- **Aim of the exercise**: Copy, from the data below, each line that has the word "with".

╔══

lemma Rmax_ge: "\<bar>R si a - R' sj a\<bar> \<le> Rmax R R'"
  unfolding Rmax_def
proof (rule Max_ge)
  have "{\<bar>R si a - R' sj a\<bar> | si sj a. True} = (\<lambda>(si, sj, a). \<bar>R si a - R' sj a\<bar>) ` UNIV"
    by (auto intro: image_eqI[of _ _ "(si, sj, a)" for si sj a])
  then show "finite {\<bar>R si a - R' sj a\<bar> | si sj a. True}"
    by simp
qed blast

lemma bisim_step_shift:
  fixes P P' :: "'s::finite \<Rightarrow> 'a::finite \<Rightarrow> 's \<Rightarrow> real"
  assumes "0 \<le> \<gamma>" and P: "\<And>s a. is_distr (P s a)" and P': "\<And>s a. is_distr (P' s a)"
    and le: "\<And>i j. d i j \<le> d' i j + c"
  shows "bisim_step P P' R R' \<gamma> d si sj \<le> bisim_step P P' R R' \<gamma> d' si sj + \<gamma> * c"
proof -
  let ?value = "\<lambda>d a. \<bar>R si a - R' sj a\<bar> + \<gamma> * W1 (P si a) (P' sj a) d"
  have "?value d a \<le> ?value d' a + \<gamma> * c" for a
    using mult_left_mono[OF W1_shift[OF P P' le] \<open>0 \<le> \<gamma>\<close>] by (simp add: algebra_simps)
  also have "?value d' a \<le> Max (range (?value d'))" for a
    by (rule Max_ge) auto
  finally show ?thesis
    unfolding bisim_step_def by (subst Max_le_iff) auto
qed

lemma bisim_step_zero_bounds:
  fixes P P' :: "'s::finite \<Rightarrow> 'a::finite \<Rightarrow> 's \<Rightarrow> real"
  assumes P: "\<And>s a. is_distr (P s a)" and P': "\<And>s a. is_distr (P' s a)"
  shows "0 \<le> bisim_step P P' R R' \<gamma> (\<lambda>_ _. 0) si sj"
    and "bisim_step P P' R R' \<gamma> (\<lambda>_ _. 0) si sj \<le> Rmax R R'"
proof -
  have step_zero: "bisim_step P P' R R' \<gamma> (\<lambda>_ _. 0) si sj = Max (range (\<lambda>a. \<bar>R si a - R' sj a\<bar>))"
    unfolding bisim_step_def using W1_zero_cost[OF P P'] by simp
  have "0 \<le> \<bar>R si undefined - R' sj undefined\<bar>"
    by simp
  also have "\<dots> \<le> Max (range (\<lambda>a. \<bar>R si a - R' sj a\<bar>))"
    by (rule Max_ge) auto
  finally show "0 \<le> bisim_step P P' R R' \<gamma> (\<lambda>_ _. 0) si sj"
    unfolding step_zero .
  show "bisim_step P P' R R' \<gamma> (\<lambda>_ _. 0) si sj \<le> Rmax R R'"
    unfolding step_zero using Rmax_ge by (auto simp: Max_le_iff)
qed
(* Let $X$ be a schematic finite space. Then $X$ is well-connected if and only if it is top-connected and pw-connected.
   Context: Finite ringed space: finite $T_0$ space $X$ (poset, $x\le x'$ iff $x'\in U_x$, $U_x$ minimal open containing $x$) with sheaf of commutative rings $\mathcal O_X$, Noetherian stalks $\mathcal O_{X,x}=\mathcal O_X(U_x)$, restrictions $r_{xx'}$. Finite space: all $r_{xx'}$ flat. $X$ is schematic if for all $i\ge0$, $x\le x'$, $y\le y'$ the maps $H^i(U_x\cap U_y,\mathcal O_X)\otimes_{\mathcal O_{X,x}}\mathcal O_{X,x'}\to H^i(U_{x'}\cap U_y,\mathcal O_X)$ and $H^i(U_x\cap U_y,\mathcal O_X)\otimes_{\mathcal O_{X,y}}\mathcal O_{X,y'}\to H^i(U_x\cap U_{y'},\mathcal O_X)$ are isomorphisms. $X$ is top-connected if its underlying poset (topological space) is connected; connected if $\mathrm{Spec}(\mathcal O_X(X))$ is connected (the empty space is not connected); pw-connected if $\mathrm{Spec}(\mathcal O_{X,x})$ is connected (and non-empty) for every $x\in X$; well-connected if connected and pw-connected. *)

theory Defs
  imports "HOL-Algebra.Algebra" "HOL-Analysis.Abstract_Topology"
begin

text \<open>A finite T0 space is the same as a finite poset (x \<le> x' iff x' lies in the minimal
open set U_x).  A sheaf of rings on it is the same as the data of its stalks
O_x = O(U_x) together with the restriction maps r_{x x'} for x \<le> x', functorially.\<close>

record ('a, 'r) ringed_poset =
  pts   :: "'a set"
  leq   :: "'a \<Rightarrow> 'a \<Rightarrow> bool"
  stalk :: "'a \<Rightarrow> 'r ring"
  rmap  :: "'a \<Rightarrow> 'a \<Rightarrow> 'r \<Rightarrow> 'r"

definition min_open :: "('a, 'r) ringed_poset \<Rightarrow> 'a \<Rightarrow> 'a set" where
  "min_open S x = {y \<in> pts S. leq S x y}"

definition space_topology :: "('a, 'r) ringed_poset \<Rightarrow> 'a topology" where
  "space_topology S =
     topology (\<lambda>V. V \<subseteq> pts S \<and> (\<forall>x\<in>V. \<forall>y\<in>pts S. leq S x y \<longrightarrow> y \<in> V))"

definition finite_ringed_space :: "('a, 'r) ringed_poset \<Rightarrow> bool" where
  "finite_ringed_space S \<longleftrightarrow>
     finite (pts S) \<and>
     (\<forall>x\<in>pts S. leq S x x) \<and>
     (\<forall>x\<in>pts S. \<forall>y\<in>pts S. leq S x y \<and> leq S y x \<longrightarrow> x = y) \<and>
     (\<forall>x\<in>pts S. \<forall>y\<in>pts S. \<forall>z\<in>pts S. leq S x y \<and> leq S y z \<longrightarrow> leq S x z) \<and>
     (\<forall>x\<in>pts S. cring (stalk S x) \<and> noetherian_ring (stalk S x)) \<and>
     (\<forall>x\<in>pts S. \<forall>y\<in>pts S. leq S x y \<longrightarrow> rmap S x y \<in> ring_hom (stalk S x) (stalk S y)) \<and>
     (\<forall>x\<in>pts S. \<forall>a\<in>carrier (stalk S x). rmap S x x a = a) \<and>
     (\<forall>x\<in>pts S. \<forall>y\<in>pts S. \<forall>z\<in>pts S. leq S x y \<and> leq S y z \<longrightarrow>
        (\<forall>a\<in>carrier (stalk S x). rmap S y z (rmap S x y a) = rmap S x z a))"

definition sections :: "('a, 'r) ringed_poset \<Rightarrow> 'a set \<Rightarrow> ('a \<Rightarrow> 'r) ring" where
  "sections S V =
    \<lparr> partial_object.carrier = {s. (\<forall>x\<in>V. s x \<in> carrier (stalk S x)) \<and>
                    (\<forall>x\<in>V. \<forall>y\<in>V. leq S x y \<longrightarrow> rmap S x y (s x) = s y) \<and>
                    (\<forall>x. x \<notin> V \<longrightarrow> s x = undefined)},
      monoid.mult = (\<lambda>s t. \<lambda>x. if x \<in> V then s x \<otimes>\<^bsub>stalk S x\<^esub> t x else undefined),
      monoid.one = (\<lambda>x. if x \<in> V then \<one>\<^bsub>stalk S x\<^esub> else undefined),
      ring.zero = (\<lambda>x. if x \<in> V then \<zero>\<^bsub>stalk S x\<^esub> else undefined),
      ring.add = (\<lambda>s t. \<lambda>x. if x \<in> V then s x \<oplus>\<^bsub>stalk S x\<^esub> t x else undefined) \<rparr>"

definition Spec :: "('b, 'm) ring_scheme \<Rightarrow> 'b set set" where
  "Spec R = {P. primeideal P R}"

definition zariski :: "('b, 'm) ring_scheme \<Rightarrow> 'b set topology" where
  "zariski R = topology_generated_by {{P \<in> Spec R. a \<notin> P} | a. a \<in> carrier R}"

text \<open>Spec(R) is connected; the empty space is not considered connected.\<close>
definition spec_connected :: "('b, 'm) ring_scheme \<Rightarrow> bool" where
  "spec_connected R \<longleftrightarrow> Spec R \<noteq> {} \<and> connected_space (zariski R)"

definition top_connected :: "('a, 'r) ringed_poset \<Rightarrow> bool" where
  "top_connected S \<longleftrightarrow> pts S \<noteq> {} \<and> connected_space (space_topology S)"

definition connected_rs :: "('a, 'r) ringed_poset \<Rightarrow> bool" where
  "connected_rs S \<longleftrightarrow> spec_connected (sections S (pts S))"

definition pw_connected :: "('a, 'r) ringed_poset \<Rightarrow> bool" where
  "pw_connected S \<longleftrightarrow> (\<forall>x\<in>pts S. spec_connected (stalk S x))"

definition well_connected :: "('a, 'r) ringed_poset \<Rightarrow> bool" where
  "well_connected S \<longleftrightarrow> connected_rs S \<and> pw_connected S"

text \<open>For an A-module M, a ring map f : A \<rightarrow> B, a B-module N and a map phi : M \<rightarrow> N,
the induced map M \<otimes>_A B \<rightarrow> N, m \<otimes> b \<mapsto> b phi(m).  The tensor product is realised as the
free abelian group on carrier M \<times> carrier B modulo the subgroup generated by the
bilinearity / balancing relations.\<close>

definition delta :: "'p \<Rightarrow> 'p \<Rightarrow> int" where
  "delta q = (\<lambda>p. if p = q then 1 else 0)"

definition free_elems :: "('s, 'm) module \<Rightarrow> 't ring \<Rightarrow> ('m \<times> 't \<Rightarrow> int) set" where
  "free_elems M B = {c. finite {p. c p \<noteq> 0} \<and> {p. c p \<noteq> 0} \<subseteq> carrier M \<times> carrier B}"

definition tensor_rels ::
  "'s ring \<Rightarrow> ('s, 'm) module \<Rightarrow> ('s \<Rightarrow> 't) \<Rightarrow> 't ring \<Rightarrow> ('m \<times> 't \<Rightarrow> int) set" where
  "tensor_rels A M f B =
     {\<lambda>p. delta (m \<oplus>\<^bsub>M\<^esub> m', b) p - delta (m, b) p - delta (m', b) p | m m' b.
        m \<in> carrier M \<and> m' \<in> carrier M \<and> b \<in> carrier B}
   \<union> {\<lambda>p. delta (m, b \<oplus>\<^bsub>B\<^esub> b') p - delta (m, b) p - delta (m, b') p | m b b'.
        m \<in> carrier M \<and> b \<in> carrier B \<and> b' \<in> carrier B}
   \<union> {\<lambda>p. delta (a \<odot>\<^bsub>M\<^esub> m, b) p - delta (m, f a \<otimes>\<^bsub>B\<^esub> b) p | a m b.
        a \<in> carrier A \<and> m \<in> carrier M \<and> b \<in> carrier B}"

inductive_set tensor_null ::
  "'s ring \<Rightarrow> ('s, 'm) module \<Rightarrow> ('s \<Rightarrow> 't) \<Rightarrow> 't ring \<Rightarrow> ('m \<times> 't \<Rightarrow> int) set"
  for A M f B where
  zero: "(\<lambda>p. 0) \<in> tensor_null A M f B"
| step: "c \<in> tensor_null A M f B \<Longrightarrow> g \<in> tensor_rels A M f B \<Longrightarrow>
         (\<lambda>p. c p + k * g p) \<in> tensor_null A M f B"

definition tensor_lin :: "('t, 'n) module \<Rightarrow> ('m \<Rightarrow> 'n) \<Rightarrow> ('m \<times> 't \<Rightarrow> int) \<Rightarrow> 'n" where
  "tensor_lin N phi c = finsum N (\<lambda>p. [c p] \<cdot>\<^bsub>N\<^esub> (snd p \<odot>\<^bsub>N\<^esub> phi (fst p))) {p. c p \<noteq> 0}"

definition tensor_map_inj ::
  "'s ring \<Rightarrow> ('s, 'm) module \<Rightarrow> ('s \<Rightarrow> 't) \<Rightarrow> 't ring \<Rightarrow> ('t, 'n) module \<Rightarrow> ('m \<Rightarrow> 'n) \<Rightarrow> bool" where
  "tensor_map_inj A M f B N phi \<longleftrightarrow>
     (\<forall>c\<in>free_elems M B. tensor_lin N phi c = \<zero>\<^bsub>N\<^esub> \<longrightarrow> c \<in> tensor_null A M f B)"

definition tensor_map_surj ::
  "('s, 'm) module \<Rightarrow> 't ring \<Rightarrow> ('t, 'n) module \<Rightarrow> ('m \<Rightarrow> 'n) \<Rightarrow> bool" where
  "tensor_map_surj M B N phi \<longleftrightarrow> (\<forall>n\<in>carrier N. \<exists>c\<in>free_elems M B. tensor_lin N phi c = n)"

definition base_change_iso ::
  "'s ring \<Rightarrow> ('s, 'm) module \<Rightarrow> ('s \<Rightarrow> 't) \<Rightarrow> 't ring \<Rightarrow> ('t, 'n) module \<Rightarrow> ('m \<Rightarrow> 'n) \<Rightarrow> bool" where
  "base_change_iso A M f B N phi \<longleftrightarrow>
     tensor_map_inj A M f B N phi \<and> tensor_map_surj M B N phi"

╚══

- **Written solution**:
   Context: Finite ringed space: finite $T_0$ space $X$ (poset, $x\le x'$ iff $x'\in U_x$, $U_x$ minimal open containing $x$) with sheaf of commutative rings $\mathcal O_X$, Noetherian stalks $\mathcal O_{X,x}=\mathcal O_X(U_x)$, restrictions $r_{xx'}$. Finite space: all $r_{xx'}$ flat. $X$ is schematic if for all $i\ge0$, $x\le x'$, $y\le y'$ the maps $H^i(U_x\cap U_y,\mathcal O_X)\otimes_{\mathcal O_{X,x}}\mathcal O_{X,x'}\to H^i(U_{x'}\cap U_y,\mathcal O_X)$ and $H^i(U_x\cap U_y,\mathcal O_X)\otimes_{\mathcal O_{X,y}}\mathcal O_{X,y'}\to H^i(U_x\cap U_{y'},\mathcal O_X)$ are isomorphisms. $X$ is top-connected if its underlying poset (topological space) is connected; connected if $\mathrm{Spec}(\mathcal O_X(X))$ is connected (the empty space is not connected); pw-connected if $\mathrm{Spec}(\mathcal O_{X,x})$ is connected (and non-empty) for every $x\in X$; well-connected if connected and pw-connected. *)
O_x = O(U_x) together with the restriction maps r_{x x'} for x \<le> x', functorially.\<close>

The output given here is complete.